In a case decided by the United States Court of Appeals for the Seventh Circuit (“Federal Appellate Court”) on July 20, 2020, the defendant had settled a medical malpractice lawsuit filed against a hospital and others for $1.5 million, but she and her lawyers refused to repay the defendant’s father’s medical-benefits plan (the Fund) that had paid her medical bills because she was a “covered dependent.” The Fund filed a federal lawsuit to enforce the plan’s terms under §502(a)(3) of the Employee Retirement Income Security Act of 1974 (ERISA), 29 U.S.C. §1132(a)(3).
The Underlying Facts
Doctors removed the defendant’s gallbladder in 2013. The defendant was injured in the process and required additional surgery that led to more than $300,000 in medical expenses. Her father’s medical-benefits plan includes typical subrogation and repayment clauses that on recovering anything from third parties, a covered person must reimburse the Fund.
The defendant conceded that the Fund paid her medical bills but insisted that she never agreed to reimburse it: she did not sign a promise to follow the plan’s rules and was not a participant (as opposed to a beneficiary). The district judge disagreed with her and granted summary judgment to the Fund for the full amount of its outlay.
The Federal Appellate Court stated, “The terms of the plan furnish beneficiaries with rights and obligations. For example, §§ 12.01 to 16.04 describe medical, dental, vision, and life-insurance benefits, and §11.06 makes these payable “to, or for the benefit of,” those covered by the plan. Section 11.14 conditions payments on the Fund’s subrogation and reimbursement rights, which extend to any covered person. Haynes is a beneficiary under the plan because her father—who worked under a Teamsters’ Union collective bargaining agreement—signed and delivered a writing electing coverage for himself and his family … Section 11.11 of the plan explains that “[t]he Fund is a self-funded employee benefit plan governed by” ERISA. That statute says that it applies to plans such as this. See 29 U.S.C. §1003(a). And it recognizes Haynes as a beneficiary because her father designated her as one under the plan’s terms. 29 U.S.C. §1002(8). The Justices have repeatedly held that fiduciaries may bring actions against beneficiaries under §502(a)(3) … That’s all the Fund needs to prevail.”
The Federal Appellate Court stated, “The district judge found that Haynes was a beneficiary under an ERISA plan. 397 F. Supp. 3d at 1156–58. The plan itself depends on the assent of an employer (its sponsor) and a fiduciary (the Fund) that manages its operation.
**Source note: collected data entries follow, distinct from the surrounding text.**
(* Let $\varphi:\mathbb{N}\to[1,\infty)$ be a function. Suppose the random walk on $X$ induced by $\mu$ admits a Lyapunov function $V$ with contraction factor $\alpha<1$ (i.e. $\pi(\mu)V\le\alpha V+\beta$ for some $\beta\ge0$), and set $K_n=V^{-1}([0,\varphi(n)])$. (i) If $\lambda(\varphi)<\log(\alpha^{-1})$, then the random walk is $(K_n)_n$-uniformly recurrent; moreover $n_0$ in that definition can be chosen independently of $\epsilon$. (ii) If $\varphi$ has sub-exponential growth, then the random walk is $(K_n)_n$-uniformly recurrent on average.
   Context: Standing assumptions: $G$ is a locally compact $\sigma$-compact metrizable group acting ergodically on a locally compact $\sigma$-compact metrizable space $X$ with a $G$-invariant probability measure $m_X$; $\mu$ is a Borel probability measure on $G$; $\pi(\mu)F(x)=\int_G F(gx)\,d\mu(g)$ for nonnegative measurable $F$; $\mu^{*n}*\delta_x$ is the push-forward of $\mu^{\otimes n}\otimes\delta_x$ under $(g_n,\dots,g_1,x)\mapsto g_n\cdots g_1x$. A Lyapunov function is a proper continuous $V:X\to[0,\infty)$ with constants $\alpha<1$, $\beta\ge0$ such that $\pi(\mu)V\le\alpha V+\beta$ pointwise. For subsets $K_n\subset X$, the random walk is $(K_n)_n$-uniformly recurrent if for every $\epsilon>0$ there are $n_0\in\mathbb{N}$ and a compact $M\subset X$ with $\mu^{*n}*\delta_x(M)\ge1-\epsilon$ for all $n\ge n_0$ and $x\in K_n$; it is $(K_n)_n$-uniformly recurrent on average if the same holds with $\frac1n\sum_{k=0}^{n-1}\mu^{*k}*\delta_x$ in place of $\mu^{*n}*\delta_x$. The Lyapunov exponent of $\varphi$ is $\lambda(\varphi)=\limsup_{n\to\infty}\frac1n\log\varphi(n)$; $\varphi$ has sub-exponential growth if $\lambda(\varphi)=0$. *)

theory Defs
  imports "HOL-Analysis.Analysis" "HOL-Probability.Probability"
begin

definition sigma_compact_type :: "'a::topological_space itself \<Rightarrow> bool" where
  "sigma_compact_type _ \<longleftrightarrow> (\<exists>K::nat \<Rightarrow> 'a set. (\<forall>n. compact (K n)) \<and> (\<Union>n. K n) = UNIV)"
lemma regular_sol_deriv_diff_bound:
  fixes N :: nat and a b :: real and g1 g2 :: "real \<Rightarrow> real \<Rightarrow> real" and v1 v2 :: "real \<Rightarrow> real"
  defines "h1 \<equiv> \<lambda>s. g1 s (v1 s)" and "h2 \<equiv> \<lambda>s. g2 s (v2 s)"
  assumes N: "N \<ge> 3" and sol1: "regular_sol N g1 z1 v1" and sol2: "regular_sol N g2 z2 v2"
    and r: "0 < r" "r < R" and ab: "a > -2" "b > -2"
    and cont1: "continuous_on {0<..<R} h1" and cont2: "continuous_on {0<..<R} h2"
    and bound1: "\<And>s. 0 < s \<Longrightarrow> s < R \<Longrightarrow> \<bar>h1 s\<bar> \<le> C * (s powr a + s powr b)"
    and bound2: "\<And>s. 0 < s \<Longrightarrow> s < R \<Longrightarrow> \<bar>h2 s\<bar> \<le> C * (s powr a + s powr b)"
    and D: "D \<ge> 0"
    and diff: "\<And>s. 0 < s \<Longrightarrow> s \<le> r \<Longrightarrow> \<bar>h1 s - h2 s\<bar> \<le> D * (s powr a + s powr b)"
  shows "(v1 has_real_derivative deriv v1 r) (at r)" and "(v2 has_real_derivative deriv v2 r) (at r)"
    and "\<bar>deriv v1 r - deriv v2 r\<bar> \<le> D * (r powr (a + 1) / (real N + a) + r powr (b + 1) / (real N + b))"
proof -
  have d1: "(v1 has_real_derivative - radial_flux N h1 r) (at r)"
    using regular_sol_has_derivative[OF N sol1 cont1[unfolded h1_def] ab bound1[unfolded h1_def] r]
    by (simp add: h1_def)
  have d2: "(v2 has_real_derivative - radial_flux N h2 r) (at r)"
    using regular_sol_has_derivative[OF N sol2 cont2[unfolded h2_def] ab bound2[unfolded h2_def] r]
    by (simp add: h2_def)
  show "(v1 has_real_derivative deriv v1 r) (at r)" "(v2 has_real_derivative deriv v2 r) (at r)"
    using d1 d2 by (simp_all add: DERIV_imp_deriv)
  have I: "(\<lambda>s. s powr (real N - 1) * h s) integrable_on {0..r}"
    if "continuous_on {0<..<R} h" "\<And>s. 0 < s \<Longrightarrow> s < R \<Longrightarrow> \<bar>h s\<bar> \<le> C * (s powr a + s powr b)"
    for h :: "real \<Rightarrow> real"
    using that r N ab
    by (intro powr_weighted_integrable[where C = C and a = a and b = b,
          OF continuous_on_subset[OF that(1)]]) auto
  have "\<bar>deriv v1 r - deriv v2 r\<bar> = \<bar>radial_flux N (\<lambda>s. h1 s - h2 s) r\<bar>"
    using DERIV_imp_deriv[OF d1] DERIV_imp_deriv[OF d2]
      radial_flux_diff[OF I[OF cont1 bound1] I[OF cont2 bound2]]
    by simp
  also have "\<dots> \<le> D * (r powr (a + 1) / (real N + a) + r powr (b + 1) / (real N + b))"
    using r N ab D diff I[OF cont1 bound1] I[OF cont2 bound2]
    by (intro radial_flux_bound) (auto simp: right_diff_distrib intro: integrable_diff)
  finally show "\<bar>deriv v1 r - deriv v2 r\<bar> \<le> D * (r powr (a + 1) / (real N + a) + r powr (b + 1) / (real N + b))" .
qed
lemma T_scalar_prod_sym:
  assumes u: "u \<in> carrier_vec n" and v: "v \<in> carrier_vec n"
  shows "u \<bullet> T v = T u \<bullet> v"
proof -
  define a b where "a = P *\<^sub>v u" and "b = P *\<^sub>v v"
  have a: "a \<in> carrier_vec n" and b: "b \<in> carrier_vec n"
    by (simp_all add: a_def b_def)
  have ua: "u = G *\<^sub>v a + lam \<cdot>\<^sub>v a" and vb: "v = G *\<^sub>v b + lam \<cdot>\<^sub>v b"
    using resolvent_mult_vec[OF u] resolvent_mult_vec[OF v] by (simp_all add: a_def b_def)
  have "u \<bullet> b = (G *\<^sub>v a) \<bullet> b + lam * (a \<bullet> b)"
    unfolding ua using a b by (simp add: add_scalar_prod_distrib[of _ n])
  also have "\<dots> = a \<bullet> (G *\<^sub>v b) + lam * (a \<bullet> b)"
    using G_scalar_prod_sym a b by simp
  also have "\<dots> = a \<bullet> v"
    unfolding vb using a b by (simp add: scalar_prod_add_distrib[of _ n])
  finally show ?thesis
    unfolding T_def a_def[symmetric] b_def[symmetric] using u v a b by simp
qed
Employees (called participants) get the benefits without a separate contract, although some optional features (such as covering dependents) are contractual in nature. A participant’s family member is a kind of third-party beneficiary, whose rights under the plan do not depend on personal assent. Such a person may reject an unwanted benefit by disclaiming it … But Haynes doesn’t argue that she disclaimed the plan’s financial aid and paid the bills herself. Having accepted the plan’s benefits, Haynes must accept the obligations too. That’s what the plan says, and ordinary principles of contract law are in accord.”
The Federal Appellate Court further stated: “Haynes contends that counsel should be able to keep a share of the settlement under equitable principles. But §11.14(j) of the plan expressly forbids this approach, and “if a contract abrogates the common-fund doctrine, the insurer is not unjustly enriched by claiming the benefit of its bargain.””
The Federal Appellate Court held: “Neither the plan, the Act, nor the common law excuses Haynes from her obligation to reimburse the Fund. Her status as a beneficiary—whether minor or adult—doesn’t deprive a fiduciary of the ability to obtain appropriate equitable relief under §502(a)(3) of the Act.”
Source Central States, Southeast and Southwest Areas Health and Welfare Fund and Charles Whobrey, Trustee v. Haynes, No. 19-2589.